*** Exercise inputs
lemma funpow_reaches_closed:
  assumes "(f ^^ k) x = y" "x \<in> S" and closed: "\<And>z. z \<in> S \<Longrightarrow> z \<noteq> y \<Longrightarrow> f z \<in> S"
  shows "y \<in> S"
  using assms(1,2)
proof (induction k arbitrary: x)
  case 0
  then show ?case by simp
next
  case (Suc k)
  show ?case
  proof (cases "x = y")
    case True
    with Suc.prems(2) show ?thesis by simp
  next
    case False
    have "(f ^^ k) (f x) = y"
      using Suc.prems(1) by (simp only: funpow_Suc_right comp_apply)
    moreover have "f x \<in> S"
      using closed Suc.prems(2) False by blast
    ultimately show ?thesis
      by (rule Suc.IH)
  qed
qed

lemma cyclic_pred_closed_reaches:
  assumes B: "finite B" "x \<in> B \<inter> S" "y \<in> B"
    and closed: "\<And>z. z \<in> B \<inter> S \<Longrightarrow> z \<noteq> y \<Longrightarrow> cyclic_pred B z \<in> S"
  shows "y \<in> S"
proof -
  obtain k where "(cyclic_pred B ^^ k) x = y"
    using cyclic_pred_reaches[OF B(1) _ B(3)] B(2) by blast
  then have "y \<in> B \<inter> S"
    using B(2) by (rule funpow_reaches_closed) (use closed cyclic_pred_in[OF B(1)] in blast)
  then show ?thesis
    by simp
qed

lemma part_perm_outside: "x \<notin> {1..n} \<Longrightarrow> part_perm n P x = x"
  unfolding part_perm_def by (simp only: if_False)

lemma part_perm_eq_cyclic_pred:
  assumes "partition_on {1..n} P" "B \<in> P" "x \<in> B"
  shows "part_perm n P x = cyclic_pred B x"
proof -
  have "x \<in> {1..n}"
    using assms partition_onD1 by blast
  then show ?thesis
    using partition_on_the_block[OF assms] by (simp add: part_perm_def cyclic_pred_def)
qed

lemma part_perm_in_block:
  assumes "partition_on {1..n} P" "B \<in> P" "x \<in> B"
  shows "part_perm n P x \<in> B"
  using part_perm_eq_cyclic_pred[OF assms]
    cyclic_pred_in[OF partition_on_finite_block[OF _ assms(1,2)] assms(3)] by simp

lemma part_perm_Suc:
  assumes "partition_on {1..n} P" "B \<in> P" "i \<in> B" "Suc i \<in> B"
  shows "part_perm n P (Suc i) = i"
  using part_perm_eq_cyclic_pred[OF assms(1,2,4)]
    cyclic_pred_Suc[OF partition_on_finite_block[OF _ assms(1,2)] assms(3,4)] by simp

lemma part_perm_merge_adjacent:
  assumes P: "partition_on {1..n} P" and i: "{i} \<in> P" and C: "C \<in> P" "Suc i \<in> C"
  shows "part_perm n (merge_blocks P {i} C) = part_perm n P \<circ> s i"
proof
  fix x
  let ?Q = "merge_blocks P {i} C"
  have Q: "partition_on {1..n} ?Q"
    using partition_on_merge_blocks[OF P i C(1)] .
  have M: "insert i C \<in> ?Q"
    unfolding merge_blocks_def by simp
  have iC: "i \<notin> C"
    using partition_on_block_eq[OF P i C(1)] C(2) by auto
  have finC: "finite C"
    using partition_on_finite_block[OF _ P C(1)] by simp
  have "x \<notin> {1..n} \<or> x \<in> insert i C \<or> (\<exists>E\<in>P - {{i}, C}. x \<in> E)"
    using partition_on_block_exists[OF P, of x] by auto
  then consider "x \<notin> {1..n}" | "x \<in> insert i C" | E where "E \<in> P - {{i}, C}" "x \<in> E"
    by blast
  then show "part_perm n ?Q x = (part_perm n P \<circ> s i) x"
  proof cases
    case 1
    moreover have "i \<in> {1..n}" "Suc i \<in> {1..n}"
      using partition_onD1[OF P] i C by auto
    ultimately show ?thesis
      by (auto simp: part_perm_outside s_apply)
  next
    case 2
    moreover have "part_perm n P i = i"
      using part_perm_eq_cyclic_pred[OF P i] by (simp add: cyclic_pred_def)
    moreover have "s i x \<in> C" if "x \<noteq> Suc i"
      using 2 that C(2) iC by (cases "x = i") (auto simp: s_apply)
    ultimately show ?thesis
      using part_perm_eq_cyclic_pred[OF Q M 2] part_perm_eq_cyclic_pred[OF P C(1)]
        cyclic_pred_insert_adjacent_eq[OF finC iC C(2) 2] by (auto simp: s_apply)
  next
    case 3
    then have "E \<in> P" "E \<in> ?Q" "x \<noteq> i" "x \<noteq> Suc i"
      using partition_on_block_eq[OF P, of E _ x] i C unfolding merge_blocks_def by auto
    then show ?thesis
      using part_perm_eq_cyclic_pred[OF Q \<open>E \<in> ?Q\<close> 3(2)] part_perm_eq_cyclic_pred[OF P \<open>E \<in> P\<close> 3(2)]
      by (simp add: s_apply)
  qed
qed

lemma part_perm_comp_s_fixes_or_pred:
  assumes P: "partition_on {1..n} P" and Q: "partition_on {1..n} Q"
    and comp: "part_perm n P \<circ> s i = part_perm n Q" and i: "1 \<le> i" "i < n"
  shows "part_perm n P i = i \<or> part_perm n P (Suc i) = i"
proof (rule ccontr)
  let ?\<sigma> = "part_perm n P" and ?\<tau> = "part_perm n Q"
  assume "\<not> (?\<sigma> i = i \<or> ?\<sigma> (Suc i) = i)"
  then have not_fixed: "?\<sigma> i \<noteq> i" and not_pred: "?\<sigma> (Suc i) \<noteq> i"
    by auto
  have "?\<tau> x = ?\<sigma> (s i x)" for x
    using comp by (metis comp_apply)
  then have \<tau>_i: "?\<tau> i = ?\<sigma> (Suc i)" and \<tau>_Suc_i: "?\<tau> (Suc i) = ?\<sigma> i"
    and \<tau>_other: "\<And>z. z \<noteq> i \<Longrightarrow> z \<noteq> Suc i \<Longrightarrow> ?\<tau> z = ?\<sigma> z"
    by (simp_all add: s_apply)
  obtain C where C: "C \<in> P" "Suc i \<in> C"
    using partition_on_block_exists[OF P, of "Suc i"] i by auto
  obtain D where D: "D \<in> Q" "i \<in> D"
    using partition_on_block_exists[OF Q, of i] i by auto
  have iC: "i \<notin> C"
    using not_pred part_perm_Suc[OF P C(1) _ C(2)] by auto
  have "Suc i \<in> D"
  proof (rule cyclic_pred_closed_reaches[OF _ _ C(2)])
    show "finite C"
      using partition_on_finite_block[OF _ P C(1)] by simp
    show "?\<sigma> (Suc i) \<in> C \<inter> D"
      using \<tau>_i part_perm_in_block[OF Q D] part_perm_in_block[OF P C] by simp
    fix z assume z: "z \<in> C \<inter> D" "z \<noteq> Suc i"
    then have "z \<noteq> i"
      using iC by auto
    have "cyclic_pred C z = ?\<sigma> z"
      using part_perm_eq_cyclic_pred[OF P C(1)] z by simp
    also have "\<dots> = ?\<tau> z"
      using \<tau>_other \<open>z \<noteq> i\<close> z(2) by simp
    finally show "cyclic_pred C z \<in> D"
      using part_perm_in_block[OF Q D(1)] z by simp
  qed
  then have "?\<tau> (Suc i) = i"
    using part_perm_Suc[OF Q D] by simp
  then show False
    using \<tau>_Suc_i not_fixed by simp
qed

lemma comp_s_in_NC_if_fixed:
  assumes P: "nc_partition n P" and fixed: "part_perm n P i = i" and i: "1 \<le> i" "i < n"
  shows "part_perm n P \<circ> s i \<in> NC n"
proof -
  have part: "partition_on {1..n} P" and nc: "noncrossing P"
    using P by (simp_all add: nc_partition_def)
  obtain B where B: "B \<in> P" "i \<in> B"
    using partition_on_block_exists[OF part, of i] i by auto
  then have "B = {i}"
    using fixed part_perm_eq_cyclic_pred[OF part B]
      cyclic_pred_fixed[OF partition_on_finite_block[OF _ part B(1)] B(2)] by simp
  then have singleton: "{i} \<in> P"
    using B(1) by simp
  obtain C where C: "C \<in> P" "Suc i \<in> C"
    using partition_on_block_exists[OF part, of "Suc i"] i by auto
  have "nc_partition n (merge_blocks P {i} C)"
    using partition_on_merge_blocks[OF part singleton C(1)] noncrossing_merge_adjacent[OF part nc singleton C]
    by (simp add: nc_partition_def)
  then show ?thesis
    unfolding NC_def using part_perm_merge_adjacent[OF part singleton C, symmetric] by blast
qed

lemma comp_s_in_NC_if_pred:
  assumes P: "nc_partition n P" and pred: "part_perm n P (Suc i) = i" and i: "i < n"
  shows "part_perm n P \<circ> s i \<in> NC n"
proof -
  have part: "partition_on {1..n} P" and nc: "noncrossing P"
    using P by (simp_all add: nc_partition_def)
  obtain C where C: "C \<in> P" "Suc i \<in> C"
    using partition_on_block_exists[OF part, of "Suc i"] i by auto
  have "i \<in> C"
    using pred part_perm_in_block[OF part C] by simp
  then have piece: "{i} \<subseteq> C" "{i} \<noteq> {}" "{i} \<noteq> C"
    using C(2) by auto
  let ?Q = "split_block P C {i}"
  have Q: "partition_on {1..n} ?Q"
    using partition_on_split_block[OF part C(1) piece] .
  have "nc_partition n ?Q"
    using Q noncrossing_split_singleton[OF nc C(1)] by (simp add: nc_partition_def)
  moreover have "part_perm n P = part_perm n ?Q \<circ> s i"
  proof -
    have "{i} \<in> ?Q" "C - {i} \<in> ?Q" "Suc i \<in> C - {i}"
      using C(2) unfolding split_block_def by auto
    then show ?thesis
      using part_perm_merge_adjacent[OF Q] merge_split_block[OF part C(1) piece] by metis
  qed
  then have "part_perm n P \<circ> s i = part_perm n ?Q"
    by (simp add: comp_assoc s_def)
  ultimately show ?thesis
    unfolding NC_def by auto
qed

theorem lemma7p4:
  fixes n i :: nat and \<sigma> :: "nat \<Rightarrow> nat"
  assumes "n \<ge> 2" and "\<sigma> \<in> NC n" and "1 \<le> i" and "i < n"
  shows "\<sigma> \<circ> s i \<in> NC n \<longleftrightarrow> i \<in> {\<sigma> i, \<sigma> (i + 1)}"
proof -
  obtain P where P: "nc_partition n P" and \<sigma>: "\<sigma> = part_perm n P"
    using assms(2) unfolding NC_def by blast
  show ?thesis
  proof
    assume "\<sigma> \<circ> s i \<in> NC n"
    then obtain Q where "nc_partition n Q" "\<sigma> \<circ> s i = part_perm n Q"
      unfolding NC_def by blast
    then show "i \<in> {\<sigma> i, \<sigma> (i + 1)}"
      using part_perm_comp_s_fixes_or_pred[of n P Q i] P \<sigma> assms(3,4)
      by (auto simp: nc_partition_def)
  next
    assume "i \<in> {\<sigma> i, \<sigma> (i + 1)}"
    then show "\<sigma> \<circ> s i \<in> NC n"
      using comp_s_in_NC_if_fixed[OF P _ assms(3,4)] comp_s_in_NC_if_pred[OF P _ assms(4)] \<sigma>
      by auto
  qed
qed

end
******
Exercise requirements => Lines in scope run from the one holding "NC n \<longleftrightarrow>" to the last line of the material above; transcribe them exactly and omit the rest.

Task result =>
  shows "\<sigma> \<circ> s i \<in> NC n \<longleftrightarrow> i \<in> {\<sigma> i, \<sigma> (i + 1)}"
proof -
  obtain P where P: "nc_partition n P" and \<sigma>: "\<sigma> = part_perm n P"
    using assms(2) unfolding NC_def by blast
  show ?thesis
  proof
    assume "\<sigma> \<circ> s i \<in> NC n"
    then obtain Q where "nc_partition n Q" "\<sigma> \<circ> s i = part_perm n Q"
      unfolding NC_def by blast
    then show "i \<in> {\<sigma> i, \<sigma> (i + 1)}"
      using part_perm_comp_s_fixes_or_pred[of n P Q i] P \<sigma> assms(3,4)
      by (auto simp: nc_partition_def)
  next
    assume "i \<in> {\<sigma> i, \<sigma> (i + 1)}"
    then show "\<sigma> \<circ> s i \<in> NC n"
      using comp_s_in_NC_if_fixed[OF P _ assms(3,4)] comp_s_in_NC_if_pred[OF P _ assms(4)] \<sigma>
      by auto
  qed
qed

end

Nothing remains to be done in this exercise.